Just dont care for some of the cheap jokes on Daytime

It's his nature. He's snarky on every single subject he discusses.

  • Member

maybe daytime should stop making it so easy.

I don't think it would matter. Even when soaps were probably at their peak in quality, they were still seen as crap. I think those in daytime who were so ashamed of soaps are probably what killed it most.

  • Member

I don't think it would matter. Even when soaps were probably at their peak in quality, they were still seen as crap. I think those in daytime who were so ashamed of soaps are probably what killed it most.

while soaps always had a stigma, looking at outside soap publications they were def treated miles ahead of what they are today back in the day when they were daring and progressive. they became a joke in the late 8-'s and as they got worse, so did the critics.
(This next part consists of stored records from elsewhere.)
lemma card_rearrangements_below:
  assumes "zero_outside k lam" and "zero_outside k mu" and "\<forall>j. lam j \<le> N" and "\<forall>j. mu j \<le> N"
  shows "card {b \<in> rearrangements k mu. \<forall>j. b j \<le> lam j} =
    (\<Prod>i\<in>{1..N}. (conj_part lam i - conj_part mu (Suc i)) choose (conj_part mu i - conj_part mu (Suc i)))"
  using assms
proof (induction N arbitrary: lam mu)
  case 0
  then have "lam = (\<lambda>_. 0)" and "mu = (\<lambda>_. 0)"
    by auto
  then have "{b \<in> rearrangements k mu. \<forall>j. b j \<le> lam j} = {\<lambda>_. 0}"
    by (auto simp: rearrangements_def zero_outside_def)
  then show ?case
    by simp
next
  case (Suc N)
  define factor where "factor lam' mu' i = (conj_part lam' i - conj_part mu' (Suc i)) choose
      (conj_part mu' i - conj_part mu' (Suc i))" for lam' mu' :: "nat \<Rightarrow> nat" and i
  have "card {b \<in> rearrangements k (\<lambda>j. mu j - 1). \<forall>j. b j \<le> lam j - 1} =
      (\<Prod>i\<in>{1..N}. factor (\<lambda>j. lam j - 1) (\<lambda>j. mu j - 1) i)"
    unfolding factor_def using Suc.prems by (intro Suc.IH) (auto simp: zero_outside_def le_diff_conv)
  also have "\<dots> = (\<Prod>i\<in>{1..N}. factor lam mu (Suc i))"
  proof (rule prod.cong[OF refl])
    fix i assume "i \<in> {1..N}"
    then show "factor (\<lambda>j. lam j - 1) (\<lambda>j. mu j - 1) i = factor lam mu (Suc i)"
      using conj_part_diff_one[of i lam] conj_part_diff_one[of i mu] conj_part_diff_one[of "Suc i" mu]
      by (simp add: factor_def)
  qed
  finally have "card {b \<in> rearrangements k mu. \<forall>j. b j \<le> lam j} =
      factor lam mu 1 * (\<Prod>i\<in>{1..N}. factor lam mu (Suc i))"
    using card_rearrangements_below_remove_row[OF Suc.prems(1,2)] by (simp add: factor_def numeral_2_eq_2)
  also have "\<dots> = factor lam mu 1 * (\<Prod>i\<in>{Suc 1..Suc N}. factor lam mu i)"
    by (simp only: prod.shift_bounds_cl_Suc_ivl)
  also have "\<dots> = (\<Prod>i\<in>{1..Suc N}. factor lam mu i)"
    by (rule prod.atLeast_Suc_atMost[symmetric]) simp
  finally show ?case
    by (simp add: factor_def)
qed

lemma Pk_plus_le_iff_le_conj_part:
  assumes x: "Pk_plus k x" and i: "1 \<le> i" and j: "1 \<le> j"
  shows "i \<le> x j \<longleftrightarrow> j \<le> conj_part x i"
proof
  assume "i \<le> x j"
  then have "{1..j} \<subseteq> {l. 1 \<le> l \<and> i \<le> x l}"
    using x by (auto simp: Pk_plus_def intro: order_trans)
  then have "card {1..j} \<le> conj_part x i"
    unfolding conj_part_def using finite_conj_part_set[OF Pk_plus_zero_outside[OF x] i] by (rule card_mono[rotated])
  then show "j \<le> conj_part x i"
    by simp
next
  assume "j \<le> conj_part x i"
  show "i \<le> x j"
  proof (rule ccontr)
    assume "\<not> i \<le> x j"
    then have "{l. 1 \<le> l \<and> i \<le> x l} \<subseteq> {1..<j}"
      using x j by (auto simp: Pk_plus_def) (meson le_trans linorder_not_le)
    then have "conj_part x i \<le> j - 1"
      unfolding conj_part_def using card_mono[of "{1..<j}"] by fastforce
    then show False
      using \<open>j \<le> conj_part x i\<close> j by linarith
  qed
qed

lemma Pk_plus_le_if_conj_part_le:
  assumes lam: "Pk_plus k lam" and mu: "Pk_plus k mu"
    and le: "\<forall>i\<ge>1. conj_part mu i \<le> conj_part lam i"
  shows "mu j \<le> lam j"
proof (cases "mu j = 0")
  case False
  then have "1 \<le> j"
    using zero_outside_0[OF Pk_plus_zero_outside[OF mu]] by (cases j) auto
  then have "j \<le> conj_part mu (mu j)"
    using False Pk_plus_le_iff_le_conj_part[OF mu, of "mu j" j] by simp
  then have "j \<le> conj_part lam (mu j)"
    using le False by (meson le_trans less_one not_le)
  then show ?thesis
    using False \<open>1 \<le> j\<close> Pk_plus_le_iff_le_conj_part[OF lam, of "mu j" j] by simp
qed simp

lemma chi_eq_card_rearrangements_below:
  assumes lam: "Pk_plus k lam" and mu: "Pk_plus k mu"
  shows "chi lam mu = card {b \<in> rearrangements k mu. \<forall>j. b j \<le> lam j}"
proof (cases "\<forall>j. mu j \<le> lam j")
  case True
  have "lam j \<le> lam 1" for j
    using lam by (cases "j = 0") (auto simp: Pk_plus_def)
  then have "\<forall>j. lam j \<le> lam 1" and "\<forall>j. mu j \<le> lam 1"
    using True le_trans by blast+
  then show ?thesis
    using True card_rearrangements_below[OF Pk_plus_zero_outside[OF lam] Pk_plus_zero_outside[OF mu]]
    by (simp add: chi_def)
next
  case False
  have empty: "{b \<in> rearrangements k mu. \<forall>j. b j \<le> lam j} = {}"
  proof (intro equals0I)
    fix b assume b: "b \<in> {b \<in> rearrangements k mu. \<forall>j. b j \<le> lam j}"
    have "conj_part mu i \<le> conj_part lam i" if "1 \<le> i" for i
      using conj_part_mono[OF Pk_plus_zero_outside[OF lam] that, of b] b that
      by (simp add: rearrangements_def)
    then show False
      using False Pk_plus_le_if_conj_part_le[OF lam mu] by blast
  qed
  have "chi lam mu = 0"
    using False by (auto simp: chi_def)
  then show ?thesis
    by (simp only: empty card.empty)
qed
You wouldnt see them landing on the cover of a typical People or getting a feature & cover story in TIME today, or even TV Guide, thats for sure.

  • Member

He's right. And he's hardly "crapping" on daytime drama, he's saying what many of us have been saying for years: the soaps killed themselves.

Maybe the soaps just needed some restructuring and rethinking rather than death by firing squad.

True but the people who get defensive when someone criticizes the genre are the same ones who never wanted it to change.

Edited by marceline

  • Member

while soaps always had a stigma, looking at outside soap publications they were def treated miles ahead of what they are today back in the day when they were daring and progressive. they became a joke in the late 8-'s and as they got worse, so did the critics. You wouldnt see them landing on the cover of a typical People or getting a feature & cover story in TIME today, or even TV Guide, thats for sure.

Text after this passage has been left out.